[Opening LISTED RECORDS section]
(* For any integers $n\ge3$ and $1\le m\le(n-1)^2$, letting $d_n$ denote the in-degree of vertex $n$ in $\mathbb G(n,m)$, the graph $\mathbb G(n-1,m-d_n)$ is well defined and equals the subgraph of $\mathbb G(n,m)$ induced by the vertex subset $\{1,\dots,n-1\}$.
   Context: For integers $n\ge2$ and $0\le m\le n(n-1)$, $\mathbb G(n,m)$ is the simple directed graph on vertex set $\{1,\dots,n\}$ whose arc set is $\{(\lceil \frac{i}{n-1}\rceil,\ n-((i-1)\bmod n)) : i=1,\dots,m\}$, where an arc $(j,k)$ goes from $j$ to $k$ and $a\bmod b\in\{0,\dots,b-1\}$; these $m$ pairs are pairwise distinct pairs of distinct vertices. The subgraph induced by a vertex subset $S$ has vertex set $S$ and all arcs of the graph with both endpoints in $S$. *)

theory Defs
  imports Complex_Main
begin

text \<open>A digraph is represented as a pair (vertex set, arc set); an arc (j,k) goes from j to k.\<close>

definition GG :: "nat \<Rightarrow> nat \<Rightarrow> nat set \<times> (nat \<times> nat) set" where
  "GG n m = ({1..n},
     {(nat \<lceil>real i / real (n - 1)\<rceil>, n - ((i - 1) mod n)) | i. i \<in> {1..m}})"

definition induced_subgraph :: "'a set \<times> ('a \<times> 'a) set \<Rightarrow> 'a set \<Rightarrow> 'a set \<times> ('a \<times> 'a) set" where
  "induced_subgraph G S = (S, {(j, k). (j, k) \<in> snd G \<and> j \<in> S \<and> k \<in> S})"

definition in_degree :: "'a set \<times> ('a \<times> 'a) set \<Rightarrow> 'a \<Rightarrow> nat" where
  "in_degree G v = card {u. (u, v) \<in> snd G}"

definition GG_wd :: "nat \<Rightarrow> nat \<Rightarrow> bool" where
  "GG_wd n m \<longleftrightarrow> 2 \<le> n \<and> m \<le> n * (n - 1)"

end

theory Submission
  imports Defs
begin

text \<open>Number the arcs of G(n,m) from 0: arc k goes from k div (n-1) + 1 to n - k mod n.
  The arcs entering n are those with n dividing k, and since m \<le> (n-1)^2 no arc leaves n,
  so the induced subgraph keeps exactly the arcs whose index is not a multiple of n.
  The k-th number not divisible by n, namely k + k div (n-1) + 1, carries arc k of
  G(n-1,\<cdot>) to the corresponding arc of G(n,\<cdot>), and the non-multiples of n below m
  are exactly the first m - d of them, where d counts the multiples.\<close>

definition GG_arc :: "nat \<Rightarrow> nat \<Rightarrow> nat \<times> nat" where
  "GG_arc n k = (k div (n - 1) + 1, n - k mod n)"

definition nth_nonmultiple :: "nat \<Rightarrow> nat \<Rightarrow> nat" where
  "nth_nonmultiple n k = k + k div (n - 1) + 1"

lemma nat_ceiling_divide:
  assumes "0 < i" "0 < N"
  shows "nat \<lceil>real i / real N\<rceil> = (i - 1) div N + 1"
proof -
  define q r where "q = (i - 1) div N" and "r = (i - 1) mod N"
  have i: "real i = real q * real N + real r + 1" and "r < N"
    using assms by (simp_all add: q_def r_def flip: of_nat_mult of_nat_add)
  have "\<lceil>real i / real N\<rceil> = int q + 1"
  proof (rule ceiling_unique)
    show "real_of_int (int q + 1) - 1 < real i / real N"
      using assms i by (simp add: field_simps)
    show "real i / real N \<le> real_of_int (int q + 1)"
      using assms i \<open>r < N\<close> by (simp add: field_simps)
  qed
  then show ?thesis by (simp add: q_def)
qed

lemma GG_altdef:
  assumes "2 \<le> n"
  shows "GG n m = ({1..n}, GG_arc n ` {..<m})"
proof -
  have "GG_arc n ` {..<m} = (\<lambda>i. GG_arc n (i - 1)) ` {1..m}"
    by (force simp: image_iff intro: bexI[where x = "Suc _"])
  also have "\<dots> = (\<lambda>i. (nat \<lceil>real i / real (n - 1)\<rceil>, n - (i - 1) mod n)) ` {1..m}"
    using assms by (intro image_cong) (simp_all add: GG_arc_def nat_ceiling_divide del: of_nat_diff)
  finally show ?thesis by (auto simp: GG_def)
qed

lemma inj_GG_arc:
  assumes "2 \<le> n"
  shows "inj (GG_arc n)"
proof (rule linorder_injI)
  fix a b :: nat
  assume "a < b"
  show "GG_arc n a \<noteq> GG_arc n b"
  proof
    assume "GG_arc n a = GG_arc n b"
    then have "a div (n - 1) = b div (n - 1)" and "n - a mod n = n - b mod n"
      by (simp_all add: GG_arc_def)
    then have "a mod n = b mod n"
      using mod_less_divisor[of n a] mod_less_divisor[of n b] assms by linarith
    obtain q where "a = q * (n - 1) + a mod (n - 1)" and "b = q * (n - 1) + b mod (n - 1)"
      using div_mult_mod_eq \<open>a div (n - 1) = b div (n - 1)\<close> by metis
    then have "b - a < n - 1"
      using mod_less_divisor[of "n - 1" b] assms by linarith
    moreover have "n dvd b - a"
      using \<open>a mod n = b mod n\<close> \<open>a < b\<close> mod_eq_dvd_iff_nat[of a b n] by simp
    ultimately show False
      using \<open>a < b\<close> by (auto dest: dvd_imp_le)
  qed
qed

lemma in_degree_GG:
  assumes "2 \<le> n"
  shows "in_degree (GG n m) n = card {k. k < m \<and> n dvd k}"
proof -
  have target: "snd (GG_arc n k) = n \<longleftrightarrow> n dvd k" for k
    using assms by (auto simp: GG_arc_def dvd_eq_mod_eq_0)
  have "{u. (u, n) \<in> GG_arc n ` {..<m}} = (\<lambda>k. fst (GG_arc n k)) ` {k. k < m \<and> n dvd k}"
  proof (intro set_eqI iffI)
    fix u assume "u \<in> {u. (u, n) \<in> GG_arc n ` {..<m}}"
    then obtain k where "k < m" "GG_arc n k = (u, n)" by auto
    then show "u \<in> (\<lambda>k. fst (GG_arc n k)) ` {k. k < m \<and> n dvd k}"
      using target[of k] by (auto intro!: image_eqI[where x = k])
  next
    fix u assume "u \<in> (\<lambda>k. fst (GG_arc n k)) ` {k. k < m \<and> n dvd k}"
    then obtain k where "k < m" "n dvd k" "u = fst (GG_arc n k)" by auto
    then have "GG_arc n k = (u, n)" using target[of k] by (simp add: prod_eq_iff)
    then show "u \<in> {u. (u, n) \<in> GG_arc n ` {..<m}}" using \<open>k < m\<close> by force
  qed
  moreover have "inj_on (\<lambda>k. fst (GG_arc n k)) {k. k < m \<and> n dvd k}"
  proof (rule inj_onI)
    fix a b assume "a \<in> {k. k < m \<and> n dvd k}" "b \<in> {k. k < m \<and> n dvd k}"
      and "fst (GG_arc n a) = fst (GG_arc n b)"
    then have "GG_arc n a = GG_arc n b" using target[of a] target[of b] by (simp add: prod_eq_iff)
    then show "a = b" using inj_GG_arc[OF assms] by (simp add: inj_eq)
  qed
  ultimately show ?thesis by (simp add: in_degree_def GG_altdef[OF assms] card_image)
qed

lemma card_multiples_less:
  fixes n m :: nat
  assumes "0 < n" "0 < m"
  shows "card {k. k < m \<and> n dvd k} = (m - 1) div n + 1"
proof -
  have "{k. k < m \<and> n dvd k} = (\<lambda>t. t * n) ` {..(m - 1) div n}"
  proof (intro set_eqI iffI)
    fix k assume "k \<in> {k. k < m \<and> n dvd k}"
    then obtain t where "k = t * n" and "t * n < m"
      by (metis dvd_def mem_Collect_eq mult.commute)
    then show "k \<in> (\<lambda>t. t * n) ` {..(m - 1) div n}"
      using assms by (auto simp: less_eq_div_iff_mult_less_eq)
  next
    fix k assume "k \<in> (\<lambda>t. t * n) ` {..(m - 1) div n}"
    then show "k \<in> {k. k < m \<and> n dvd k}"
      using assms by (auto simp: less_eq_div_iff_mult_less_eq)
  qed
  then show ?thesis using assms by (simp add: card_image inj_on_def)
qed

lemma mult_add_less_mult_add_iff:
  fixes b q s Q R :: nat
  assumes "s < b" and "R \<le> b"
  shows "q * b + s < Q * b + R \<longleftrightarrow> q < Q \<or> q = Q \<and> s < R"
proof (cases q Q rule: linorder_cases)
  case less
  then have "Suc q * b \<le> Q * b" by (intro mult_le_mono1) simp
  then show ?thesis using less assms by simp
next
  case greater
  then have "Suc Q * b \<le> q * b" by (intro mult_le_mono1) simp
  then show ?thesis using greater assms by simp
qed simp

lemma Suc_div_Suc_eq_div:
  fixes x M :: nat
  assumes "x < 2 * M"
  shows "Suc x div Suc M = x div M"
  using assms by (cases "x < M") (simp_all add: le_div_geq div_less)

lemma nth_nonmultiple_eq: "nth_nonmultiple n k = k div (n - 1) * n + k mod (n - 1) + 1"
proof (cases n)
  case (Suc N)
  then show ?thesis
    using div_mult_mod_eq[of k N] by (simp add: nth_nonmultiple_def algebra_simps)
qed (simp add: nth_nonmultiple_def)

lemma nth_nonmultiple_mod:
  assumes "2 \<le> n"
  shows "nth_nonmultiple n k mod n = k mod (n - 1) + 1"
proof -
  have "k mod (n - 1) + 1 < n" using assms mod_less_divisor[of "n - 1" k] by linarith
  then show ?thesis by (simp add: nth_nonmultiple_eq)
qed

lemma nth_nonmultiple_not_dvd: "2 \<le> n \<Longrightarrow> \<not> n dvd nth_nonmultiple n k"
  by (simp add: dvd_eq_mod_eq_0 nth_nonmultiple_mod)

lemma nth_nonmultiple_rank:
  assumes "2 \<le> n" and "\<not> n dvd k"
  shows "nth_nonmultiple n (k - k div n - 1) = k"
proof -
  obtain r where r: "k mod n = Suc r" using assms(2) by (metis dvd_eq_mod_eq_0 not0_implies_Suc)
  then have "r < n - 1" using mod_less_divisor[of n k] assms(1) by linarith
  have "k div n \<le> k div n * n" using assms(1) by simp
  then have rank: "k - k div n - 1 = k div n * (n - 1) + r"
    using div_mult_mod_eq[of k n] r by (simp add: algebra_simps)
  then have "(k - k div n - 1) div (n - 1) = k div n"
    using \<open>r < n - 1\<close> by simp
  moreover have "k div n + 1 \<le> k"
    using div_mult_mod_eq[of k n] r \<open>k div n \<le> k div n * n\<close> by linarith
  ultimately show ?thesis by (simp add: nth_nonmultiple_def)
qed

lemma nth_nonmultiple_less_iff:
  assumes "2 \<le> n" and "0 < m"
  shows "nth_nonmultiple n k < m \<longleftrightarrow> k < m - ((m - 1) div n + 1)"
proof -
  define q s Q R where "q = k div (n - 1)" and "s = k mod (n - 1)"
    and "Q = (m - 1) div n" and "R = (m - 1) mod n"
  have "s < n - 1" and "R < n" using assms by (simp_all add: s_def R_def)
  have m: "m = Q * n + R + 1" using assms(2) div_mult_mod_eq[of "m - 1" n] by (simp add: Q_def R_def)
  have "nth_nonmultiple n k < m \<longleftrightarrow> q * n + s < Q * n + R"
    by (simp add: nth_nonmultiple_eq m q_def s_def)
  also have "\<dots> \<longleftrightarrow> q < Q \<or> q = Q \<and> s < R"
    using \<open>s < n - 1\<close> \<open>R < n\<close> by (intro mult_add_less_mult_add_iff) simp_all
  also have "\<dots> \<longleftrightarrow> q * (n - 1) + s < Q * (n - 1) + R"
    using \<open>s < n - 1\<close> \<open>R < n\<close> by (intro mult_add_less_mult_add_iff[symmetric]) simp_all
  also have "q * (n - 1) + s = k" unfolding q_def s_def by (rule div_mult_mod_eq)
  also have "Q * (n - 1) + R = m - (Q + 1)" using assms(1) by (simp add: m algebra_simps)
  finally show ?thesis by (simp add: Q_def)
qed

lemma nth_nonmultiple_image:
  assumes "2 \<le> n" and "0 < m"
  shows "nth_nonmultiple n ` {..<m - ((m - 1) div n + 1)} = {k. k < m \<and> \<not> n dvd k}"
proof (intro set_eqI iffI)
  fix k assume "k \<in> nth_nonmultiple n ` {..<m - ((m - 1) div n + 1)}"
  then show "k \<in> {k. k < m \<and> \<not> n dvd k}"
    using assms nth_nonmultiple_less_iff nth_nonmultiple_not_dvd by auto
next
  fix k assume "k \<in> {k. k < m \<and> \<not> n dvd k}"
  then have "k = nth_nonmultiple n (k - k div n - 1)" and "k < m"
    using assms(1) nth_nonmultiple_rank by auto
  then show "k \<in> nth_nonmultiple n ` {..<m - ((m - 1) div n + 1)}"
    using assms nth_nonmultiple_less_iff by (metis image_eqI lessThan_iff)
qed

lemma GG_arc_nth_nonmultiple:
  assumes "k < (n - 1) * (n - 2)"
  shows "GG_arc n (nth_nonmultiple n k) = GG_arc (n - 1) k"
proof -
  define M where "M = n - 2"
  have "0 < M" using assms unfolding M_def by (metis gr0I mult_0_right not_less_zero)
  then have n: "n = M + 2" by (simp add: M_def)
  define q s where "q = k div (M + 1)" and "s = k mod (M + 1)"
  have "q < M" using assms by (simp add: q_def n div_less_iff_less_mult mult.commute)
  have "s \<le> M" using mod_less_divisor[of "M + 1" k] by (simp add: s_def)
  have k_eq: "k = q * M + (q + s)"
    using div_mult_mod_eq[of k "Suc M"] by (simp add: q_def s_def)
  have "nth_nonmultiple n k = q * Suc M + Suc (q + s)"
    by (simp add: nth_nonmultiple_eq n q_def s_def)
  then have "nth_nonmultiple n k div (n - 1) = q + Suc (q + s) div Suc M"
    using div_mult_self3[of "Suc M" q "Suc (q + s)"] by (simp only: n) simp
  also have "Suc (q + s) div Suc M = (q + s) div M"
    using \<open>q < M\<close> \<open>s \<le> M\<close> by (intro Suc_div_Suc_eq_div) simp
  also have "q + (q + s) div M = k div (n - 1 - 1)"
    using \<open>0 < M\<close> k_eq by (simp add: n)
  finally have source: "nth_nonmultiple n k div (n - 1) = k div (n - 1 - 1)" .
  have "n - nth_nonmultiple n k mod n = n - 1 - k mod (n - 1)"
    using nth_nonmultiple_mod[of n k] by (simp add: n)
  with source show ?thesis by (simp add: GG_arc_def)
qed

lemma nth_nonmultiple_square:
  assumes "2 \<le> n"
  shows "nth_nonmultiple n ((n - 1) * (n - 2)) = (n - 1)\<^sup>2"
proof -
  have "(n - 1) * (n - 2) div (n - 1) = n - 2" and "(n - 1) * (n - 2) mod (n - 1) = 0"
    using assms by simp_all
  moreover obtain M where "n = M + 2" using assms by (metis le_add_diff_inverse2)
  ultimately show ?thesis
    unfolding nth_nonmultiple_eq by (simp add: power2_eq_square)
qed

lemma induced_subgraph_GG:
  assumes "2 \<le> n" and "m \<le> (n - 1)\<^sup>2"
  shows "induced_subgraph (GG n m) {1..n - 1} = ({1..n - 1}, GG_arc n ` {k. k < m \<and> \<not> n dvd k})"
proof -
  have source: "fst (GG_arc n k) \<in> {1..n - 1}" if "k < m" for k
  proof -
    have "k div (n - 1) < n - 1"
      using that assms by (intro less_mult_imp_div_less) (simp add: power2_eq_square)
    then show ?thesis by (simp add: GG_arc_def)
  qed
  have target: "snd (GG_arc n k) \<in> {1..n - 1} \<longleftrightarrow> \<not> n dvd k" for k
  proof -
    have "k mod n < n" using assms(1) by simp
    then show ?thesis by (auto simp: GG_arc_def dvd_eq_mod_eq_0)
  qed
  have "{(j, k). (j, k) \<in> GG_arc n ` {..<m} \<and> j \<in> {1..n - 1} \<and> k \<in> {1..n - 1}}
      = GG_arc n ` {k. k < m \<and> \<not> n dvd k}" (is "?arcs = _")
  proof (intro set_eqI iffI)
    fix e assume "e \<in> ?arcs"
    then have "e \<in> GG_arc n ` {..<m}" and "snd e \<in> {1..n - 1}" by (simp_all add: case_prod_beta)
    then obtain k where "k < m" and "e = GG_arc n k" and "snd (GG_arc n k) \<in> {1..n - 1}"
      by auto
    then show "e \<in> GG_arc n ` {k. k < m \<and> \<not> n dvd k}" using target by blast
  next
    fix e assume "e \<in> GG_arc n ` {k. k < m \<and> \<not> n dvd k}"
    then obtain k where "k < m" and "\<not> n dvd k" and "e = GG_arc n k" by auto
    then show "e \<in> ?arcs" using source[of k] target[of k] by (simp_all add: case_prod_beta)
  qed
  then show ?thesis by (simp add: induced_subgraph_def GG_altdef[OF assms(1)])
qed

theorem lemma16:
  fixes n m :: nat
  assumes "n \<ge> 3" and "1 \<le> m" and "m \<le> (n - 1)^2"
  shows "in_degree (GG n m) n \<le> m
       \<and> GG_wd (n - 1) (m - in_degree (GG n m) n)
       \<and> GG (n - 1) (m - in_degree (GG n m) n) = induced_subgraph (GG n m) {1..n - 1}"
proof -
  have "2 \<le> n" "0 < m" using assms by simp_all
  define d where "d = in_degree (GG n m) n"
  have d: "d = (m - 1) div n + 1"
    using \<open>2 \<le> n\<close> \<open>0 < m\<close> by (simp add: d_def in_degree_GG card_multiples_less)
  have "d \<le> m"
    unfolding d_def in_degree_GG[OF \<open>2 \<le> n\<close>] by (rule card_mono[where B = "{..<m}", simplified]) auto
  have "m - d \<le> (n - 1) * (n - 2)"
    using nth_nonmultiple_less_iff[OF \<open>2 \<le> n\<close> \<open>0 < m\<close>] nth_nonmultiple_square[OF \<open>2 \<le> n\<close>]
      assms(3) d by (metis not_less)
  then have wd: "GG_wd (n - 1) (m - d)"
    using assms(1) by (simp add: GG_wd_def numeral_2_eq_2)
  have "GG (n - 1) (m - d) = ({1..n - 1}, GG_arc n ` nth_nonmultiple n ` {..<m - d})"
    using assms(1) \<open>m - d \<le> (n - 1) * (n - 2)\<close>
    by (auto simp: GG_altdef image_image GG_arc_nth_nonmultiple intro!: image_cong)
  also have "\<dots> = ({1..n - 1}, GG_arc n ` {k. k < m \<and> \<not> n dvd k})"
    using nth_nonmultiple_image[OF \<open>2 \<le> n\<close> \<open>0 < m\<close>] by (simp add: d)
  also have "\<dots> = induced_subgraph (GG n m) {1..n - 1}"
    using induced_subgraph_GG[OF \<open>2 \<le> n\<close> assms(3)] by simp
  finally show ?thesis
    using \<open>d \<le> m\<close> wd by (simp add: d_def)
qed

end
[Closing LISTED RECORDS section]
Among the entries, how many lines hold the word "finally"? Please answer with only that number.

4